The gap is so small that the molecules have nowhere else to go, explains Paddy K. L. Chan of The University of Hong Kong, who was not involved in either study. They travel almost straight up without colliding with any other molecules and are forced to crystallize on the upper substrate.

Building upon that technique, Liu and Tao’s team has now developed a method of growing extremely thin crystals that could be used for high performance and cheaper electronic devices by controlling how the organic material is distributed on the heated surface.

Instead of spreading solid powder on a surface as they had done previously, the authors dissolved two common organic semiconductors, pentacene and one known as DNTT, in toluene. They coated the lower surface with the solution using various methods including dropping and spraying, placed a cleaned silicon wafer 300 µm above, and heated the lower surface to 230 °C.

Using this technique the researchers formed much thinner crystals than with their previous approach, down to about 8 nm for DNTT and about 5 nm for pentacene—just five and three molecular layers, respectively, and were able to control where on the substrate the crystals were formed.

Field-effect transistors made of these crystals showed average charge carrier mobilities, an important measure of performance, that were comparable to those reported in other studies. The best carrier mobilities were some of the highest reported so far for ultrathin crystals of these materials. Along with the simple method of making these thin crystals, the high performance field-effect transistors could lead to cheaper and faster electronic devices.
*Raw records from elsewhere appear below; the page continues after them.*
(* Let $\gamma(z)=\sum_{n=1}^{\infty} z^{n-1}\left(\frac{1}{n}-\log\frac{n+1}{n}\right)$ for $z$ in the closed unit disk $D=\{z\in\mathbb{C}:|z|\le 1\}$. Then $\gamma$ is continuous on $D$ and holomorphic on the interior of $D$. However, the left-hand derivative of $\gamma$ at $z=1$ does not exist; more precisely, $$\lim_{t\to 1^-}\frac{\gamma(1)-\gamma(t)}{1-t}=+\infty.$$ In particular, the Taylor series expansion of $\gamma(z)$ at $z=0$ has radius of convergence $1$. *)

theory Defs
  imports "HOL-Analysis.Analysis"
begin

text \<open>Coefficient of z^(n-1) in the paper, reindexed from 0: a n = 1/(n+1) - log((n+2)/(n+1)).\<close>
definition gamma_coeff :: "nat \<Rightarrow> real" where
  "gamma_coeff n = 1 / real (Suc n) - ln (real (n + 2) / real (Suc n))"

definition gamma_series :: "complex \<Rightarrow> complex" where
  "gamma_series z = (\<Sum>m. complex_of_real (gamma_coeff m) * z ^ m)"

end

theory Submission
  imports Defs
begin

text \<open>
  With \<open>x = 1/(n+1)\<close> the coefficient \<open>a\<^sub>n = x - ln (1 + x)\<close> lies between \<open>x\<^sup>2/6\<close> and \<open>x\<^sup>2\<close>.
  Hence \<open>\<Sum> a\<^sub>n\<close> converges, which gives continuity on the closed disk by the Weierstrass M-test,
  while \<open>\<Sum> n a\<^sub>n\<close> diverges like the harmonic series. For \<open>0 \<le> t < 1\<close> the difference quotient
  \<open>(\<gamma>(1) - \<gamma>(t))/(1 - t) = \<Sum> a\<^sub>n (1 + t + \<dots> + t\<^sup>n\<^sup>-\<^sup>1)\<close> has nonnegative terms, and its
  partial sums tend to the unbounded partial sums of \<open>\<Sum> n a\<^sub>n\<close> as \<open>t \<rightarrow> 1\<close>. The same divergence
  forbids a radius of convergence above 1, since the differentiated series would converge at 1.
\<close>

lemma summable_power_series_on_unit_cball:
  fixes a :: "nat \<Rightarrow> 'a::{real_normed_div_algebra, banach}"
  assumes "summable (\<lambda>n. norm (a n))" and "norm z \<le> 1"
  shows "summable (\<lambda>n. a n * z ^ n)"
proof (rule summable_comparison_test'[OF assms(1)])
  fix n
  have "norm (a n) * norm z ^ n \<le> norm (a n) * 1"
    using assms(2) by (intro mult_left_mono power_le_one) auto
  then show "norm (a n * z ^ n) \<le> norm (a n)"
    by (simp add: norm_mult norm_power)
qed

lemma continuous_on_power_series_unit_cball:
  fixes a :: "nat \<Rightarrow> 'a::{real_normed_div_algebra, banach}"
  assumes "summable (\<lambda>n. norm (a n))"
  shows "continuous_on (cball 0 1) (\<lambda>z. \<Sum>n. a n * z ^ n)"
proof -
  have "norm (a n * z ^ n) \<le> norm (a n)" if "z \<in> cball 0 1" for n z
    using that mult_left_mono[OF power_le_one[of "norm z" n], of "norm (a n)"]
    by (simp add: norm_mult norm_power)
  then have "uniform_limit (cball 0 1) (\<lambda>N z. \<Sum>n<N. a n * z ^ n)
               (\<lambda>z. \<Sum>n. a n * z ^ n) sequentially"
    by (intro Weierstrass_m_test[OF _ assms]) auto
  then show ?thesis
    by (rule uniform_limit_theorem[rotated]) (auto intro!: always_eventually continuous_intros)
qed

lemma power_series_of_real:
  assumes "summable (\<lambda>n. a n * t ^ n)"
  shows "(\<Sum>n. of_real (a n) * of_real t ^ n) = (of_real (\<Sum>n. a n * t ^ n) :: 'a::real_normed_algebra_1)"
  by (subst suminf_of_real[OF assms]) simp

lemma conv_radius_eq_1:
  fixes a :: "nat \<Rightarrow> 'a::{real_normed_field, banach}"
  assumes "summable a" and "\<not> summable (\<lambda>n. of_nat n * a n)"
  shows "conv_radius a = 1"
proof (rule antisym)
  show "conv_radius a \<ge> 1"
    using conv_radius_geI[of a 1] assms(1) by (simp add: one_ereal_def)
  show "conv_radius a \<le> 1"
  proof (rule ccontr)
    assume "\<not> conv_radius a \<le> 1"
    then obtain K where K: "1 < K" "ereal K < conv_radius a"
      using ereal_dense2 by (metis not_le one_ereal_def ereal_less_eq(3))
    \<comment> \<open>The differentiated series, whose radius is the same, would converge at 1.\<close>
    have "summable (\<lambda>n. diffs a n * 1 ^ n)"
      using K by (intro termdiff_converges[of 1 K] summable_in_conv_radius)
        (auto intro: order.strict_trans[of _ "ereal K"])
    then have "summable (\<lambda>n. of_nat n * a n)"
      by (subst summable_Suc_iff[symmetric]) (simp add: diffs_def)
    with assms(2) show False ..
  qed
qed

lemma higher_deriv_power_series_at_0:
  fixes a :: "nat \<Rightarrow> complex"
  assumes "conv_radius a > 0"
  shows "(deriv ^^ n) (\<lambda>z. \<Sum>k. a k * z ^ k) 0 / fact n = a n"
  using fps_nth_conv_deriv[of "Abs_fps a" n] assms
  by (simp add: fps_conv_radius_def eval_fps_def[abs_def])

lemma holomorphic_on_power_series:
  fixes a :: "nat \<Rightarrow> complex"
  assumes "ereal r \<le> conv_radius a"
  shows "(\<lambda>z. \<Sum>n. a n * z ^ n) holomorphic_on ball 0 r"
proof -
  have "ball (0::complex) r \<subseteq> eball 0 (fps_conv_radius (Abs_fps a))"
  proof
    fix z :: complex assume "z \<in> ball 0 r"
    then have "ereal (norm z) < ereal r" by simp
    from order.strict_trans2[OF this assms]
    show "z \<in> eball 0 (fps_conv_radius (Abs_fps a))"
      by (simp add: fps_conv_radius_def)
  qed
  from holomorphic_on_eval_fps[OF this] show ?thesis
    by (simp add: eval_fps_def[abs_def])
qed

lemma sums_difference_quotient_power_series:
  fixes a :: "nat \<Rightarrow> 'a::{real_normed_field, banach}"
  assumes "summable (\<lambda>n. norm (a n))" and "norm t \<le> 1" and "t \<noteq> 1"
  shows "(\<lambda>n. a n * (\<Sum>k<n. t ^ k)) sums (((\<Sum>n. a n) - (\<Sum>n. a n * t ^ n)) / (1 - t))"
proof -
  have "(\<lambda>n. (a n - a n * t ^ n) / (1 - t)) sums (((\<Sum>n. a n) - (\<Sum>n. a n * t ^ n)) / (1 - t))"
    using summable_norm_cancel[OF assms(1)] summable_power_series_on_unit_cball[OF assms(1,2)]
    by (intro sums_divide sums_diff summable_sums)
  moreover have "(a n - a n * t ^ n) / (1 - t) = a n * (\<Sum>k<n. t ^ k)" for n
    using assms(3) by (simp add: sum_gp_strict right_diff_distrib)
  ultimately show ?thesis by simp
qed

lemma difference_quotient_power_series_at_left_1:
  fixes a :: "nat \<Rightarrow> real"
  assumes nonneg: "\<And>n. 0 \<le> a n" and "summable a"
    and diverges: "\<not> summable (\<lambda>n. real n * a n)"
  shows "filterlim (\<lambda>t. ((\<Sum>n. a n) - (\<Sum>n. a n * t ^ n)) / (1 - t)) at_top (at_left 1)"
proof (subst filterlim_at_top, intro allI)
  fix B :: real
  obtain N where N: "(\<Sum>n<N. real n * a n) > B"
  proof (rule ccontr)
    assume "\<not> thesis"
    with that have "(\<Sum>n<N. real n * a n) \<le> B" for N by (meson not_less)
    then have "summable (\<lambda>n. real n * a n)"
      using nonneg by (intro summableI_nonneg_bounded) auto
    with diverges show False ..
  qed
  define P where "P t = (\<Sum>n<N. a n * (\<Sum>k<n. t ^ k))" for t :: real
  have "(P \<longlongrightarrow> P 1) (at_left 1)"
    unfolding P_def by (intro tendsto_intros)
  moreover have "P 1 = (\<Sum>n<N. real n * a n)"
    by (simp add: P_def mult.commute)
  ultimately have "eventually (\<lambda>t. P t > B) (at_left 1)"
    using N by (intro order_tendstoD) auto
  moreover have "eventually (\<lambda>t. t \<in> {0<..<1}) (at_left (1::real))"
    by (rule eventually_at_left_real) simp
  ultimately show "eventually (\<lambda>t. B \<le> ((\<Sum>n. a n) - (\<Sum>n. a n * t ^ n)) / (1 - t)) (at_left 1)"
  proof eventually_elim
    case (elim t)
    have sums: "(\<lambda>n. a n * (\<Sum>k<n. t ^ k)) sums (((\<Sum>n. a n) - (\<Sum>n. a n * t ^ n)) / (1 - t))"
      using elim(2) nonneg \<open>summable a\<close> by (intro sums_difference_quotient_power_series) auto
    have "P t \<le> ((\<Sum>n. a n) - (\<Sum>n. a n * t ^ n)) / (1 - t)"
      unfolding P_def sums_unique[OF sums] using elim(2)
      by (intro sum_le_suminf sums_summable[OF sums]) (auto intro!: mult_nonneg_nonneg sum_nonneg nonneg)
    with elim(1) show ?case by linarith
  qed
qed

lemma ln_one_plus_pos_upper_bound:
  fixes x :: real
  assumes "0 \<le> x" and "x \<le> 1"
  shows "ln (1 + x) \<le> x - x^2 / 6"
proof -
  define y where "y = x - x^2 / 6"
  have "x * x \<le> x" using assms by (simp add: mult_left_le)
  then have y: "5 / 6 * x \<le> y" unfolding y_def by (simp add: power2_eq_square)
  then have "(5 / 6 * x)^2 \<le> y^2" using assms by (intro power_mono) auto
  moreover have "(5 / 6 * x)^2 = 25 / 36 * x^2" by (simp add: power2_eq_square)
  moreover have "1 + y + y^2 / 2 \<le> exp y"
    using y assms by (intro exp_lower_Taylor_quadratic) linarith
  ultimately have "1 + x \<le> exp y" using y_def zero_le_power2[of x] by linarith
  then have "ln (1 + x) \<le> ln (exp y)" using assms by (intro ln_mono) auto
  then show ?thesis by (simp add: y_def)
qed

lemma gamma_coeff_eq: "gamma_coeff n = 1 / real (Suc n) - ln (1 + 1 / real (Suc n))"
proof -
  have "real (n + 2) / real (Suc n) = 1 + 1 / real (Suc n)" by (simp add: field_simps)
  then show ?thesis unfolding gamma_coeff_def by simp
qed

lemma gamma_coeff_nonneg: "0 \<le> gamma_coeff n"
  unfolding gamma_coeff_eq using ln_add_one_self_le_self[of "1 / real (Suc n)"] by simp

lemma gamma_coeff_le: "gamma_coeff n \<le> 1 / real (Suc n)^2"
  unfolding gamma_coeff_eq using ln_one_plus_pos_lower_bound[of "1 / real (Suc n)"]
  by (simp add: power_divide)

lemma gamma_coeff_ge: "1 / (6 * real (Suc n)^2) \<le> gamma_coeff n"
  unfolding gamma_coeff_eq using ln_one_plus_pos_upper_bound[of "1 / real (Suc n)"]
  by (simp add: power_divide)

lemma summable_gamma_coeff: "summable gamma_coeff"
proof (rule summable_comparison_test'[where N = 0])
  have "summable (\<lambda>n. 1 / real n ^ 2)" by (simp add: inverse_power_summable flip: inverse_eq_divide)
  then show "summable (\<lambda>n. 1 / real (Suc n)^2)" by (subst summable_Suc_iff)
qed (use gamma_coeff_nonneg gamma_coeff_le in auto)

lemma not_summable_index_times_gamma_coeff: "\<not> summable (\<lambda>n. real n * gamma_coeff n)"
proof
  assume "summable (\<lambda>n. real n * gamma_coeff n)"
  then have majorant: "summable (\<lambda>n. 6 * (real n * gamma_coeff n + gamma_coeff n))"
    by (intro summable_mult summable_add summable_gamma_coeff)
  have "inverse (real (Suc n)) \<le> 6 * (real n * gamma_coeff n + gamma_coeff n)" for n
  proof -
    have "inverse (real (Suc n)) = 6 * real (Suc n) * (1 / (6 * real (Suc n)^2))"
      by (simp add: field_simps power2_eq_square del: of_nat_Suc)
    also have "\<dots> \<le> 6 * real (Suc n) * gamma_coeff n"
      by (intro mult_left_mono gamma_coeff_ge) simp
    finally show ?thesis by (simp add: algebra_simps)
  qed
  then have "summable (\<lambda>n. inverse (real (Suc n)))"
    by (intro summable_comparison_test'[OF majorant, where N = 0]) simp
  then have "summable (\<lambda>n. inverse (real n))" by (subst summable_Suc_iff[symmetric])
  with not_summable_harmonic show False by blast
qed

lemma gamma_series_eq_power_series:
  "gamma_series = (\<lambda>z. \<Sum>n. complex_of_real (gamma_coeff n) * z ^ n)"
  by (simp add: gamma_series_def[abs_def])

lemma summable_norm_gamma_coeff: "summable (\<lambda>n. norm (complex_of_real (gamma_coeff n)))"
  using summable_gamma_coeff by (simp add: gamma_coeff_nonneg)

lemma gamma_series_of_real:
  assumes "\<bar>t\<bar> \<le> 1"
  shows "gamma_series (complex_of_real t) = complex_of_real (\<Sum>n. gamma_coeff n * t ^ n)"
  unfolding gamma_series_def using summable_gamma_coeff assms
  by (intro power_series_of_real summable_power_series_on_unit_cball) (auto simp: gamma_coeff_nonneg)

lemma conv_radius_gamma_coeff: "conv_radius (\<lambda>n. complex_of_real (gamma_coeff n)) = 1"
proof (rule conv_radius_eq_1)
  show "summable (\<lambda>n. complex_of_real (gamma_coeff n))"
    using summable_gamma_coeff by (simp add: summable_of_real_iff)
  show "\<not> summable (\<lambda>n. of_nat n * complex_of_real (gamma_coeff n))"
  proof -
    have "(\<lambda>n. of_nat n * complex_of_real (gamma_coeff n))
        = (\<lambda>n. complex_of_real (real n * gamma_coeff n))" by simp
    then show ?thesis
      using not_summable_index_times_gamma_coeff summable_of_real_iff by metis
  qed
qed

lemma Re_gamma_difference_quotient:
  assumes "\<bar>t\<bar> \<le> 1"
  shows "Re ((gamma_series 1 - gamma_series (complex_of_real t)) / (1 - complex_of_real t))
       = ((\<Sum>n. gamma_coeff n) - (\<Sum>n. gamma_coeff n * t ^ n)) / (1 - t)"
proof -
  have "gamma_series 1 = complex_of_real (\<Sum>n. gamma_coeff n)"
    using gamma_series_of_real[of 1] by simp
  moreover have "gamma_series (complex_of_real t) = complex_of_real (\<Sum>n. gamma_coeff n * t ^ n)"
    using assms by (rule gamma_series_of_real)
  ultimately have "(gamma_series 1 - gamma_series (complex_of_real t)) / (1 - complex_of_real t)
      = complex_of_real (((\<Sum>n. gamma_coeff n) - (\<Sum>n. gamma_coeff n * t ^ n)) / (1 - t))"
    by simp
  then show ?thesis by (simp only: Re_complex_of_real)
qed

lemma filterlim_gamma_difference_quotient_at_left_1:
  "filterlim (\<lambda>t. Re ((gamma_series 1 - gamma_series (complex_of_real t)) / (1 - complex_of_real t)))
     at_top (at_left 1)"
proof -
  have "eventually (\<lambda>t. \<bar>t\<bar> \<le> 1) (at_left (1::real))"
    by (rule eventually_at_leftI[of 0]) auto
  then have "eventually (\<lambda>t. ((\<Sum>n. gamma_coeff n) - (\<Sum>n. gamma_coeff n * t ^ n)) / (1 - t)
      = Re ((gamma_series 1 - gamma_series (complex_of_real t)) / (1 - complex_of_real t))) (at_left 1)"
    by eventually_elim (rule Re_gamma_difference_quotient[symmetric])
  with difference_quotient_power_series_at_left_1[OF gamma_coeff_nonneg summable_gamma_coeff
      not_summable_index_times_gamma_coeff]
  show ?thesis
    by (rule filterlim_cong[THEN iffD1, OF refl refl, rotated])
qed

theorem theorem5:
  shows "continuous_on (cball 0 1) gamma_series
       \<and> gamma_series holomorphic_on ball 0 1
       \<and> (\<forall>t::real. t \<in> {-1..1} \<longrightarrow> gamma_series (complex_of_real t) \<in> \<real>)
       \<and> filterlim (\<lambda>t::real. Re ((gamma_series 1 - gamma_series (complex_of_real t))
                                     / (1 - complex_of_real t))) at_top (at_left 1)
       \<and> conv_radius (\<lambda>n. (deriv ^^ n) gamma_series 0 / fact n) = 1"
proof (intro conjI allI impI)
  show "continuous_on (cball 0 1) gamma_series"
    unfolding gamma_series_eq_power_series
    by (rule continuous_on_power_series_unit_cball[OF summable_norm_gamma_coeff])
  show "gamma_series holomorphic_on ball 0 1"
    unfolding gamma_series_eq_power_series
    by (rule holomorphic_on_power_series) (simp add: conv_radius_gamma_coeff)
  show "gamma_series (complex_of_real t) \<in> \<real>" if "t \<in> {-1..1}" for t
    using that by (simp add: gamma_series_of_real abs_le_iff)
  show "filterlim (\<lambda>t::real. Re ((gamma_series 1 - gamma_series (complex_of_real t))
                                     / (1 - complex_of_real t))) at_top (at_left 1)"
    by (rule filterlim_gamma_difference_quotient_at_left_1)
  have "conv_radius (\<lambda>n. complex_of_real (gamma_coeff n)) > 0"
    by (simp add: conv_radius_gamma_coeff)
  then show "conv_radius (\<lambda>n. (deriv ^^ n) gamma_series 0 / fact n) = 1"
    by (simp add: gamma_series_eq_power_series higher_deriv_power_series_at_0 conv_radius_gamma_coeff)
qed

end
Pentacene is “a superstar organic semiconductor which has long been considered as air-sensitive,” Liu says, so being able to apply this approach successfully to this material is a step toward it being industrially practical. In addition, Liu thinks this method can also be used for making ultrathin crystals of inorganic materials like perovskites that are used in solar cells.

The technique will be useful for making thin crystals for applications like thin film displays and sensors, which rely on high-performance field-effect transistors, says Hanying Li of Zhejiang University, who was not part of the research. Thin crystals are especially suited for flexible electronics. However, since the gap is very critical in this method, he thinks its use may be limited for applications in flexible devices, where the spacing will be difficult to control.